The oil explorer with operations on five continents said Tuesday, that it’s selling North Sea assets off Norway for $2 billion and seeking a buyer for wells off of Denmark. The news came a day after Hess sold drilling rights in offshore Equatorial Guinea for $650 million.
Counting a June deal to sell properties in Texas, the New York-based company has sold off almost $3.3 billion in assets this year.
With the makeover, Hess is building a war chest to help develop a discovery off the coast of Guyana in South America that may hold the equivalent of 2.5 billion barrels of oil, according to company estimates.
Its partner in the project, Exxon Mobil Corp., has said the initial building phase may cost $4.4 billion and take until 2020 to deliver its first oil. The payoff: More than a decade of growth for Hess shareholders.
The divestments “all make strategic sense” and “will help bridge the sizable funding gap that Hess faces over the next few years,” Capital One Securities analyst Phillips Johnston said in a note to clients Tuesday.
“These assets have not been competing for capital, so by monetizing them, Hess will prefund part of the development of its major Guyana discoveries.”
Still, there’s a trade-off, Johnston said. Hess is giving up operations that produced 16 percent of its total oil volumes and almost a quarter of its earnings before interest, taxes, depreciation and amortization, he said.
Hess is due to announce its third-quarter earnings on Wednesday.

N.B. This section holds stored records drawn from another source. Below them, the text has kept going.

(* Let $A$ be a finite alphabet. A language $L\subseteq A^*$ is definable by a sentence of $FO^2[<,\mathrm{Inv}]$ if and only if it is definable by a sentence of $FO^2[<,\mathrm{Th}]$. That is, as language classes, $FO^2[<,\mathrm{Inv}]=FO^2[<,\mathrm{Th}]$.
   Context: Words $w\in A^*$ are finite structures whose universe is the set of positions $\{1,\dots,|w|\}$; $w(i)$ denotes the $i$-th letter. For each $a\in A$ there is a unary predicate $a(x)$, true iff the letter at position $x$ is $a$, and the order $<$ on positions. A sentence $\phi$ defines the language $\{w\in A^*: w\models\phi\}$; formulas may be interpreted in the empty word, where every existentially quantified sentence is false and every universally quantified one is true. For $a\in A$, the binary "between" predicate $a(x,y)$ means $\exists z\,(x<z\wedge z<y\wedge a(z))$, i.e. the letter $a$ occurs strictly between positions $x$ and $y$. $FO^2[<,\mathrm{Inv}]$ is the set of first-order formulas built from $<$, the unary predicates $a(x)$ and the binary predicates $a(x,y)$ ($a\in A$) using only two variables (which may be reused). For $a\in A$ and $k\ge 0$, the predicate $(a,k)(x,y)$ means that $x<y$ and there are at least $k$ positions $z$ with $x<z<y$ and $w(z)=a$. $FO^2[<,\mathrm{Th}]$ is the two-variable logic built from $<$, the unary predicates $a(x)$, and all predicates $(a,k)(x,y)$ ($a\in A$, $k\ge 0$). *)

theory Defs
  imports Main
begin

text \<open>Words are lists; positions are 0-based indices 0..<length w (a shift of the
paper's 1-based positions, which changes nothing). The two variables of FO2.\<close>

datatype var = X | Y

datatype 'a fo2_inv =
    ILess var var
  | ILetter 'a var
  | IBetween 'a var var
  | INeg "'a fo2_inv"
  | IAnd "'a fo2_inv" "'a fo2_inv"
  | IEx var "'a fo2_inv"

datatype 'a fo2_th =
    TLess var var
  | TLetter 'a var
  | TThr 'a nat var var
  | TNeg "'a fo2_th"
  | TAnd "'a fo2_th" "'a fo2_th"
  | TEx var "'a fo2_th"

fun fv_inv :: "'a fo2_inv \<Rightarrow> var set" where
  "fv_inv (ILess x y) = {x, y}"
| "fv_inv (ILetter a x) = {x}"
| "fv_inv (IBetween a x y) = {x, y}"
| "fv_inv (INeg f) = fv_inv f"
| "fv_inv (IAnd f g) = fv_inv f \<union> fv_inv g"
| "fv_inv (IEx x f) = fv_inv f - {x}"

fun fv_th :: "'a fo2_th \<Rightarrow> var set" where
  "fv_th (TLess x y) = {x, y}"
| "fv_th (TLetter a x) = {x}"
| "fv_th (TThr a k x y) = {x, y}"
| "fv_th (TNeg f) = fv_th f"
| "fv_th (TAnd f g) = fv_th f \<union> fv_th g"
| "fv_th (TEx x f) = fv_th f - {x}"

fun sat_inv :: "'a list \<Rightarrow> (var \<Rightarrow> nat) \<Rightarrow> 'a fo2_inv \<Rightarrow> bool" where
  "sat_inv w v (ILess x y) = (v x < v y)"
| "sat_inv w v (ILetter a x) = (w ! v x = a)"
| "sat_inv w v (IBetween a x y) = (\<exists>z. v x < z \<and> z < v y \<and> w ! z = a)"
| "sat_inv w v (INeg f) = (\<not> sat_inv w v f)"
| "sat_inv w v (IAnd f g) = (sat_inv w v f \<and> sat_inv w v g)"
| "sat_inv w v (IEx x f) = (\<exists>i < length w. sat_inv w (v(x := i)) f)"

fun sat_th :: "'a list \<Rightarrow> (var \<Rightarrow> nat) \<Rightarrow> 'a fo2_th \<Rightarrow> bool" where
  "sat_th w v (TLess x y) = (v x < v y)"
| "sat_th w v (TLetter a x) = (w ! v x = a)"
| "sat_th w v (TThr a k x y) =
     (v x < v y \<and> k \<le> card {z. v x < z \<and> z < v y \<and> w ! z = a})"
| "sat_th w v (TNeg f) = (\<not> sat_th w v f)"
| "sat_th w v (TAnd f g) = (sat_th w v f \<and> sat_th w v g)"
| "sat_th w v (TEx x f) = (\<exists>i < length w. sat_th w (v(x := i)) f)"

text \<open>Languages defined by sentences (closed formulas; truth does not depend on
the assignment, we use the constant-0 one).\<close>
definition lang_inv :: "'a fo2_inv \<Rightarrow> 'a list set" where
  "lang_inv f = {w. sat_inv w (\<lambda>_. 0) f}"

definition lang_th :: "'a fo2_th \<Rightarrow> 'a list set" where
  "lang_th f = {w. sat_th w (\<lambda>_. 0) f}"

definition FO2_Inv_definable :: "'a list set \<Rightarrow> bool" where
  "FO2_Inv_definable L \<longleftrightarrow> (\<exists>f. fv_inv f = {} \<and> L = lang_inv f)"

definition FO2_Th_definable :: "'a list set \<Rightarrow> bool" where
  "FO2_Th_definable L \<longleftrightarrow> (\<exists>f. fv_th f = {} \<and> L = lang_th f)"

end

theory Submission
  imports Defs
begin

text \<open>
  Since a(x,y) is (a,1)(x,y), FO2[<,Inv] embeds into FO2[<,Th]. Conversely, by induction on
  FO2[<,Th] formulas, every formula in the variables x, y is a boolean combination of
  FO2[<,Inv]-definable properties of x, of y, and of the K-profile of (x, y): the order of x and y
  and, for every letter, the number of its occurrences strictly between them, capped at K.
  Quantifying away one variable thus reduces to defining "some y with a prescribed profile
  relative to x satisfies a definable property Q" with x free. This is done by induction on the
  total prescribed count: from x, hop to the nearest position (towards y) whose letter still has to
  be counted or must not occur. The hop itself only needs the between predicates, the variable
  just left being reused for the next hop.
\<close>

section \<open>Between predicates as thresholds\<close>

lemma sat_th_Thr_one_iff_Between:
  "sat_th w v (TThr a 1 x y) \<longleftrightarrow> sat_inv w v (IBetween a x y)"
proof -
  have "finite {z. v x < z \<and> z < v y \<and> w ! z = a}"
    by (rule finite_subset[of _ "{..<v y}"]) auto
  then have "1 \<le> card {z. v x < z \<and> z < v y \<and> w ! z = a} \<longleftrightarrow> (\<exists>z. v x < z \<and> z < v y \<and> w ! z = a)"
    by (simp add: Suc_le_eq card_gt_0_iff) blast
  then show ?thesis by auto
qed

fun th_of_inv :: "'a fo2_inv \<Rightarrow> 'a fo2_th" where
  "th_of_inv (ILess x y) = TLess x y"
| "th_of_inv (ILetter a x) = TLetter a x"
| "th_of_inv (IBetween a x y) = TThr a 1 x y"
| "th_of_inv (INeg f) = TNeg (th_of_inv f)"
| "th_of_inv (IAnd f g) = TAnd (th_of_inv f) (th_of_inv g)"
| "th_of_inv (IEx x f) = TEx x (th_of_inv f)"

lemma fv_th_of_inv [simp]: "fv_th (th_of_inv f) = fv_inv f"
  by (induction f) auto

lemma sat_th_of_inv [simp]: "sat_th w v (th_of_inv f) \<longleftrightarrow> sat_inv w v f"
proof (induction f arbitrary: v)
  case (IBetween a x y)
  show ?case by (simp only: th_of_inv.simps sat_th_Thr_one_iff_Between)
qed simp_all

lemma FO2_Th_definable_if_Inv_definable:
  assumes "FO2_Inv_definable L"
  shows "FO2_Th_definable L"
proof -
  obtain f where "fv_inv f = {}" "L = lang_inv f"
    using assms unfolding FO2_Inv_definable_def by blast
  then have "fv_th (th_of_inv f) = {}" "L = lang_th (th_of_inv f)"
    by (simp_all add: lang_inv_def lang_th_def)
  then show ?thesis
    unfolding FO2_Th_definable_def by blast
qed

section \<open>Unary FO2[<,Inv]-definable predicates\<close>

text \<open>Definability with every variable as the free one: the hops alternate between X and Y.\<close>

definition Inv_unary :: "('a list \<Rightarrow> nat \<Rightarrow> bool) \<Rightarrow> bool" where
  "Inv_unary P \<longleftrightarrow>
     (\<forall>x. \<exists>\<psi>. fv_inv \<psi> \<subseteq> {x} \<and> (\<forall>w v. v x < length w \<longrightarrow> sat_inv w v \<psi> = P w (v x)))"

lemma Inv_unaryI:
  "(\<And>x. \<exists>\<psi>. fv_inv \<psi> \<subseteq> {x} \<and> (\<forall>w v. v x < length w \<longrightarrow> sat_inv w v \<psi> = P w (v x)))
    \<Longrightarrow> Inv_unary P"
  unfolding Inv_unary_def by blast

lemma Inv_unaryE:
  assumes "Inv_unary P"
  obtains \<psi> where "fv_inv \<psi> \<subseteq> {x}" "\<And>w v. v x < length w \<Longrightarrow> sat_inv w v \<psi> = P w (v x)"
  using assms unfolding Inv_unary_def by blast

lemma Inv_unary_cong:
  "Inv_unary P \<Longrightarrow> (\<And>w i. i < length w \<Longrightarrow> P w i = P' w i) \<Longrightarrow> Inv_unary P'"
  unfolding Inv_unary_def by metis

lemma Inv_unary_const: "Inv_unary (\<lambda>w i. c)"
proof (rule Inv_unaryI)
  fix x
  show "\<exists>\<psi>. fv_inv \<psi> \<subseteq> {x} \<and> (\<forall>w v. v x < length w \<longrightarrow> sat_inv w v \<psi> = c)"
    by (rule exI[of _ "if c then INeg (ILess x x) else ILess x x"]) auto
qed

lemma Inv_unary_letter: "Inv_unary (\<lambda>w i. w ! i = a)"
  by (rule Inv_unaryI, rule_tac x = "ILetter a x" in exI) auto

lemma Inv_unary_not: "Inv_unary P \<Longrightarrow> Inv_unary (\<lambda>w i. \<not> P w i)"
proof (rule Inv_unaryI)
  fix x
  assume "Inv_unary P"
  then obtain \<psi> where "fv_inv \<psi> \<subseteq> {x}" "\<And>w v. v x < length w \<Longrightarrow> sat_inv w v \<psi> = P w (v x)"
    by (rule Inv_unaryE[where x = x]) blast
  then show "\<exists>\<psi>. fv_inv \<psi> \<subseteq> {x} \<and> (\<forall>w v. v x < length w \<longrightarrow> sat_inv w v \<psi> = (\<not> P w (v x)))"
    by (intro exI[of _ "INeg \<psi>"]) auto
qed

After opening the day up, the shares fell 2.4 percent to $44.14 at 12:34 p.m. in New York trading. Before Tuesday, the shares had fallen 27 percent for the year, putting them among the ten worst performances on the S&P 500 Energy Index.
An aerial view of the Tubular Bells production facility, which is operated by Hess. Chevron has a working interest in the project.
Hess had telegraphed its North Sea sales, so investors may have discounted some of the gains, said Charles Robertson, a Cowen & Co. analyst in New York. The total sales proceeds are also more than the explorer’s projected share of the Guyana project, and some may question whether the company was selling too much, he wrote in a research note. Hess has estimated that its share of the project’s initial phase will be about $1 billion.
Robertson sees other uses for the money as well. It could help Hess expand drilling in the Bakken shale basin in North Dakota, the analyst said, and with exploration in Guyana set to continue, “These sales give Hess financial flexibility to develop future discoveries.”
Hess, in a statement, said there would be other benefits: $500 million of the proceeds will be used to retire debt next year and the company also gets to cancel $3.2 billion in liabilities for closing and cleaning up the operations it’s selling.
Hess also announced a goal of cutting $150 million in annual expenses, a plan that will lower its per-barrel production costs 30 percent by 2020, it said.
“We are focusing our portfolio on higher return assets and reducing our break-even oil price,” Chief Executive Officer John Hess.